FIG. 1 illustrates storage platform 100 after each SPU 120 has been set up to provide storage services to storage clients via virtual volumes or logical unit numbers (LUNs). FIG. 1 particularly shows SPU 120-1 provides storage services relating to a boot volume BT1 and one or more other virtual volumes V1, and SPU 120-N provides storage services relating to a boot volume BTN and one or more other virtual volumes VN. Each SPU 120 generally exports only one boot volume, and boot volumes BT1 to BTN may be “unshared” virtual volumes and only used by respective host server 110-1 to 120-N, e.g., when powering up or rebooting. SPU 120-1 is sometimes referred to as “owning” virtual volumes BT1 and V1 in that SPU 120-1 is normally responsible for fulfilling I/O requests that are directed at any of volumes BT1 and V1. Similarly, SPU 120-N owns virtual volumes BTN and VN in that SPU 120-N is normally responsible for executing I/O requests that are directed at any of volumes BTN and VN. SPUs 120-1 to 120-N also maintain respective sets of backup volumes BK1 to BKN that mirror base virtual volumes owned by other SPUs 120 and maintain respective sets of snapshots S1 to SN that logically preserve the state that boot volumes BT1 to BTN, backup volumes BK1 to BKN, or other volumes V1 to VN had at a time of the snapshot.

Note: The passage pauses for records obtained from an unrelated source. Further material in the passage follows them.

(* Let $G$ be a graph, $R$ a connected subset of $V(G)$, $s_R\in R$, and let $\mathcal{P}$ be an $R$-shortest path collection. Then for all $u_1,u_2\in U_{\mathcal{P}}$, if $\widehat{\operatorname{prof}}_{R,\mathcal{P}}[u_1]=\widehat{\operatorname{prof}}_{R,\mathcal{P}}[u_2]$ then $\operatorname{prof}_{R,s_R}[u_1]=\operatorname{prof}_{R,s_R}[u_2]$.
   Context: $G$ is an unweighted undirected graph with shortest-path distance $\mathrm{dist}$, and $\mathrm{dist}(v,R)=\min_{y\in R}\mathrm{dist}(v,y)$; $R$ is connected if $G[R]$ is connected. $|Q|$ is the number of edges of a path $Q$, $P[a,b]$ the subpath between $a$ and $b$. For $z\in V(G)$ and $x\in R$, the distance profile $\operatorname{prof}_{R,x}[z]\colon R\to\mathbb{Z}$ is $\operatorname{prof}_{R,x}[z](s)=\mathrm{dist}(z,s)-\mathrm{dist}(z,x)$. Milestones: for a path $P$ from a vertex $v^P$ to a vertex $x^P\in R$ with $|P|=\mathrm{dist}(v^P,R)$, order $V(P)$ from $v^P$ towards $x^P$; $v\in V(P)$ is a milestone of $P$ if $v=x^P$ or $\operatorname{prof}_{R,x^P}[v]\ne \operatorname{prof}_{R,x^P}[u]$ where $u$ is the next vertex after $v$ towards $x^P$. An $R$-shortest path collection is a collection $\mathcal{P}$ of paths in $G$ such that every $P\in\mathcal{P}$ is a path from some $v^P\in V(G)$ to some $x^P\in R$ with $|P|=\mathrm{dist}(v^P,R)$, and $R\subseteq\bigcup_{P\in\mathcal{P}}V(P)$. Let $H_{\mathcal{P}}$ be the union of the paths of $\mathcal{P}$. A vertex is an anchor vertex if it has degree more than two in $H_{\mathcal{P}}$ or it is a milestone of some $P\in\mathcal{P}$; $A_R(\mathcal{P})$ is the set of anchor vertices. For $P\in\mathcal{P}$ and an anchor $w\in V(P)$, the prefix of $w$ in $P$ is the vertex set of the maximal subpath $Q$ of $P[v^P,w]$ such that $w$ is the only anchor vertex of $P$ in $Q$. Let $U_{\mathcal{P}}=V(G)\setminus\bigcup_{P\in\mathcal{P}}V(P)$. For $u\in U_{\mathcal{P}}$ and $w\in A_R(\mathcal{P})$, define $\widehat{\mathrm{dist}}(u,w)=\min\{|Q_{u,z}|+|P[z,w]| : P\in\mathcal{P},\ w\in V(P),\ z \text{ in the prefix of } w \text{ in } P\}$, where $Q_{u,z}$ is a shortest path among the paths from $u$ to $z$ all of whose internal vertices lie in $U_{\mathcal{P}}$ (terms for which no such path exists are omitted, and $\widehat{\mathrm{dist}}(u,w)=\infty$ if no term remains). The anchor-distance profile is $\operatorname{prof}^*_{R,\mathcal{P}}[u](w)=\widehat{\mathrm{dist}}(u,w)+\mathrm{dist}(w,R)-\mathrm{dist}(u,R)$ for $w\in A_R(\mathcal{P})$, and $\widehat{\operatorname{prof}}_{R,\mathcal{P}}[u](w)=\min\{\operatorname{prof}^*_{R,\mathcal{P}}[u](w),|R|+1\}$. *)

theory Defs
  imports Main "HOL-Library.Extended_Nat"
begin

definition graph :: "'a set \<Rightarrow> ('a \<Rightarrow> 'a \<Rightarrow> bool) \<Rightarrow> bool" where
  "graph V E \<longleftrightarrow> finite V \<and> (\<forall>x y. E x y \<longrightarrow> x \<in> V \<and> y \<in> V)
     \<and> (\<forall>x y. E x y \<longrightarrow> E y x) \<and> (\<forall>x. \<not> E x x)"

definition is_path :: "'a set \<Rightarrow> ('a \<Rightarrow> 'a \<Rightarrow> bool) \<Rightarrow> 'a list \<Rightarrow> bool" where
  "is_path V E xs \<longleftrightarrow> xs \<noteq> [] \<and> set xs \<subseteq> V \<and> distinct xs
     \<and> (\<forall>i. Suc i < length xs \<longrightarrow> E (xs ! i) (xs ! Suc i))"

definition plen :: "'a list \<Rightarrow> nat" where
  "plen xs = length xs - 1"

definition connected_set :: "('a \<Rightarrow> 'a \<Rightarrow> bool) \<Rightarrow> 'a set \<Rightarrow> bool" where
  "connected_set E S \<longleftrightarrow> (\<forall>a\<in>S. \<forall>b\<in>S. \<exists>xs. is_path S E xs \<and> hd xs = a \<and> last xs = b)"

definition gdist :: "'a set \<Rightarrow> ('a \<Rightarrow> 'a \<Rightarrow> bool) \<Rightarrow> 'a \<Rightarrow> 'a \<Rightarrow> nat" where
  "gdist V E u v = (LEAST n. \<exists>xs. is_path V E xs \<and> hd xs = u \<and> last xs = v \<and> plen xs = n)"

definition setdist :: "'a set \<Rightarrow> ('a \<Rightarrow> 'a \<Rightarrow> bool) \<Rightarrow> 'a \<Rightarrow> 'a set \<Rightarrow> nat" where
  "setdist V E v R = Min (gdist V E v ` R)"

definition prof :: "'a set \<Rightarrow> ('a \<Rightarrow> 'a \<Rightarrow> bool) \<Rightarrow> 'a \<Rightarrow> 'a \<Rightarrow> 'a \<Rightarrow> int" where
  "prof V E x z s = int (gdist V E z s) - int (gdist V E z x)"

definition R_shortest_path_collection ::
  "'a set \<Rightarrow> ('a \<Rightarrow> 'a \<Rightarrow> bool) \<Rightarrow> 'a set \<Rightarrow> 'a list set \<Rightarrow> bool" where
  "R_shortest_path_collection V E R Ps \<longleftrightarrow>
     (\<forall>P\<in>Ps. is_path V E P \<and> last P \<in> R \<and> plen P = setdist V E (hd P) R)
     \<and> R \<subseteq> (\<Union>P\<in>Ps. set P)"

definition milestone :: "'a set \<Rightarrow> ('a \<Rightarrow> 'a \<Rightarrow> bool) \<Rightarrow> 'a set \<Rightarrow> 'a list \<Rightarrow> 'a \<Rightarrow> bool" where
  "milestone V E R P v \<longleftrightarrow> (\<exists>i<length P. P ! i = v \<and>
     (Suc i = length P \<or>
      (\<exists>s\<in>R. prof V E (last P) (P ! i) s \<noteq> prof V E (last P) (P ! Suc i) s)))"

definition H_edge :: "'a list set \<Rightarrow> 'a \<Rightarrow> 'a \<Rightarrow> bool" where
  "H_edge Ps x y \<longleftrightarrow> (\<exists>P\<in>Ps. \<exists>i. Suc i < length P \<and>
     ((P ! i = x \<and> P ! Suc i = y) \<or> (P ! i = y \<and> P ! Suc i = x)))"

definition anchors :: "'a set \<Rightarrow> ('a \<Rightarrow> 'a \<Rightarrow> bool) \<Rightarrow> 'a set \<Rightarrow> 'a list set \<Rightarrow> 'a set" where
  "anchors V E R Ps = {v. card {y. H_edge Ps v y} > 2 \<or> (\<exists>P\<in>Ps. milestone V E R P v)}"

definition idx :: "'a list \<Rightarrow> 'a \<Rightarrow> nat" where
  "idx P v = (THE i. i < length P \<and> P ! i = v)"

text \<open>Prefix of w in P: vertices of the maximal subpath of P[v^P,w] ending in w
  containing no anchor of P other than w.\<close>
definition prefix_of :: "'a set \<Rightarrow> 'a list \<Rightarrow> 'a \<Rightarrow> 'a set" where
  "prefix_of A P w = {P ! k | k. k \<le> idx P w \<and> (\<forall>m. k \<le> m \<and> m < idx P w \<longrightarrow> P ! m \<notin> A)}"

definition U_set :: "'a set \<Rightarrow> 'a list set \<Rightarrow> 'a set" where
  "U_set V Ps = V - (\<Union>P\<in>Ps. set P)"

text \<open>|Q_{u,z}|: length of a shortest u-z path with all internal vertices in U
  (infinity if none exists).\<close>
definition rdist :: "'a set \<Rightarrow> ('a \<Rightarrow> 'a \<Rightarrow> bool) \<Rightarrow> 'a set \<Rightarrow> 'a \<Rightarrow> 'a \<Rightarrow> enat" where
  "rdist V E U u z = (INF xs \<in> {xs. is_path V E xs \<and> hd xs = u \<and> last xs = z \<and>
       (\<forall>k. 0 < k \<and> k < length xs - 1 \<longrightarrow> xs ! k \<in> U)}. enat (plen xs))"

definition dist_hat :: "'a set \<Rightarrow> ('a \<Rightarrow> 'a \<Rightarrow> bool) \<Rightarrow> 'a set \<Rightarrow> 'a list set \<Rightarrow> 'a \<Rightarrow> 'a \<Rightarrow> enat" where
  "dist_hat V E R Ps u w = (INF P \<in> {P\<in>Ps. w \<in> set P}.
      INF z \<in> prefix_of (anchors V E R Ps) P w.
        rdist V E (U_set V Ps) u z + enat (idx P w - idx P z))"

definition prof_hat :: "'a set \<Rightarrow> ('a \<Rightarrow> 'a \<Rightarrow> bool) \<Rightarrow> 'a set \<Rightarrow> 'a list set \<Rightarrow> 'a \<Rightarrow> 'a \<Rightarrow> int" where
  "prof_hat V E R Ps u w = (case dist_hat V E R Ps u w of
       enat d \<Rightarrow> min (int d + int (setdist V E w R) - int (setdist V E u R)) (int (card R) + 1)
     | \<infinity> \<Rightarrow> int (card R) + 1)"

end

theory Submission
  imports Defs
begin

I/O processors 142 of SPUs 120-1 to 120-N generally perform storage services in response to storage service requests targeting the virtual volumes that the SPUs 120-1 to 120-N own. In some implementations of storage platform 100, storage clients, e.g., applications 112 running on a host server 110 or a user device 162 or 164, may request storage service through an SPU 120 resident in the host server 110 associated with the storage client. The I/O processor 142 of the resident SPU 120 may receive the storage service request and provide the requested storage service if the SPU 120 owns the targeted virtual volume or may forward the storage service request through data network 125 to another SPU 120, e.g., to the SPU 120 that owns the virtual volume that the storage service request targeted.

In accordance with an example of the current disclosure, each I/O processor 142 maintains a set of generation numbers 136, each generation number corresponding to an associated virtual volume, and the I/O processor 142 uses a current value of the generation number for a virtual volume to tag and uniquely distinguish each I/O process that changes the content of that virtual volume. For example, for each write request that SPU 120-1 receives requesting writing data to an address or offset in a virtual volume V1, the I/O processor 142 of SPU 120-1 may increment the generation number 136 for the volume V1 and tag (or otherwise identify) the write request using the current value of generation number 136 for the virtual volume V1. The next write request to volume V1 will be tagged with the next value of generation number 136.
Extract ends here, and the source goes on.